The 2020–21 FA Cup was the 140th edition of the oldest football tournament in the world, the Football Association Challenge Cup. It was sponsored by Emirates and known as the Emirates FA Cup for sponsorship purposes. The winners qualified for the 2021–22 UEFA Europa League group stage.

Premier League side Arsenal were the defending champions, but were eliminated in the fourth round by Southampton.

Leicester City beat the defending runners-up Chelsea 1–0 in the final to win their first FA Cup, having been runners-up on four previous occasions.

Teams
The FA Cup is a knockout competition with 124 teams taking part all trying to reach the Final at Wembley in May 2021. The competition consisted of the 92 teams from the Football League system (20 teams from the Premier League and the 72 in total from the EFL Championship, EFL League One and EFL League Two) plus the 32 surviving teams out of 644 teams from the National League System (levels 5–10 of the English football league system) that started the competition in qualifying rounds.

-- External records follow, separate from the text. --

(* Fix $s\geqslant2$. For $n\geqslant2$ and $k=1,\dots,n$, put $Y_{n,k}=X_{n,s,k}-p_s$. Define \[\overline Y_{n,s}=\overline X_{n,s}-p_s=\frac1n\sum_{i=1}^nY_{n,i},\qquad \overline Z_{n,s}=\frac1{n-1}\,(Y_{n,1}+\dots+Y_{n,n-1}).\] Then $F_{\overline Z_{n,s}}-F_{\overline Y_{n,s}}\to0$ uniformly on $\mathbb R$ as $n\to\infty$, where $F_X$ denotes the distribution function of a random variable $X$. The objects $X_{n,s,i}$, $\overline X_{n,s}$ and $p_s$ are defined in the context.
   Context: Consider the tiling of the plane by regular hexagons of side $1$, called cells. For an integer $s\geqslant2$, fix a cell $O$. Let $M_s$ be the set of all cells lying inside the regular hexagon that is centred at the centre of $O$, has sides of length $s\sqrt3$, and has its sides perpendicular to sides of the cells. The set $M_s$ has $m+1=1+3s(s-1)$ cells. Number the cells other than $O$ as $v_1,\dots,v_m$. Two cells are neighbours if they share a side. A cell of $M_s$ is a boundary cell if it has fewer than six neighbours in $M_s$. For an integer $n\geqslant2$, let $\Omega_{n,s}$ be the set of $n$-tuples $f=(f_1,\dots,f_n)$ of functions $f_i:\{v_1,\dots,v_m\}\to\{0,1\}$ such that $f_1+\dots+f_n\equiv1\pmod 2$ at every cell. Equip $\Omega_{n,s}$ with the uniform probability measure $P(A)=|A|\,2^{-(n-1)m}$. A path from the centre to the boundary is a sequence of pairwise distinct cells $v_{j_1},\dots,v_{j_t}$ with the following properties: - $v_{j_1}$ is a neighbour of $O$; - $v_{j_l}$ and $v_{j_{l+1}}$ are neighbours for each $l$; - $v_{j_t}$ is a boundary cell. The $i$-th fluid flows from the centre to the boundary for $f$ if there is such a path with $f_i(v_{j_l})=1$ for all $l$. Let $A_{n,s,i}$ be this event and $X_{n,s,i}$ its indicator. Set $\overline X_{n,s}=\frac1n\sum_{i=1}^nX_{n,s,i}$. The probability $P(A_{n,s,i})$ does not depend on $n$ or $i$; denote it by $p_s$. *)

theory Defs
  imports "HOL-Probability.Probability"
begin

text \<open>Hexagonal cells in axial coordinates; the centre cell O is (0,0).
  The six neighbours of a cell differ from it by (1,0),(0,1),(1,-1) and their negatives.\<close>

type_synonym cell = "int \<times> int"

definition hexnorm :: "cell \<Rightarrow> int" where
  "hexnorm c = max \<bar>fst c\<bar> (max \<bar>snd c\<bar> \<bar>fst c + snd c\<bar>)"

definition nbr :: "cell \<Rightarrow> cell \<Rightarrow> bool" where
  "nbr a b \<longleftrightarrow> hexnorm (fst a - fst b, snd a - snd b) = 1"

text \<open>M_s: cells inside the hexagon of side s*sqrt 3 (1 + 3s(s-1) cells).\<close>
definition Mset :: "nat \<Rightarrow> cell set" where
  "Mset s = {c. hexnorm c \<le> int s - 1}"

definition Vset :: "nat \<Rightarrow> cell set" where
  "Vset s = Mset s - {(0, 0)}"

definition boundary :: "nat \<Rightarrow> cell \<Rightarrow> bool" where
  "boundary s c \<longleftrightarrow> c \<in> Mset s \<and> card {d \<in> Mset s. nbr c d} < 6"

text \<open>Omega_{n,s}: tuples (f_1..f_n) of 0/1-valued functions on the cells v_j with odd sum
  everywhere; encoded as f :: nat => cell => bool, extensional (False outside 1..n and V).\<close>
definition Omega :: "nat \<Rightarrow> nat \<Rightarrow> (nat \<Rightarrow> cell \<Rightarrow> bool) set" where
  "Omega n s = {f. (\<forall>i c. f i c \<longrightarrow> i \<in> {1..n} \<and> c \<in> Vset s) \<and>
                   (\<forall>c\<in>Vset s. odd (card {i \<in> {1..n}. f i c}))}"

All rounds were drawn randomly usually either at the completion of the previous round or on the evening of the last televised game of a round being played depending on television broadcasting rights.

This year's competition was subject to changes to the rules and round dates at short notice to follow the latest national and local government guidelines regarding the COVID-19 pandemic in the United Kingdom.

Delay and scheduling
As a result of the COVID-19 pandemic in the United Kingdom, the previous season's competition was delayed, with the final played roughly three months late, on 1 August 2020. In a normal year, the FA Cup would start in early August, but with the previous season finishing late, the start of the 2020–21 FA Cup was also delayed to 31 August 2020.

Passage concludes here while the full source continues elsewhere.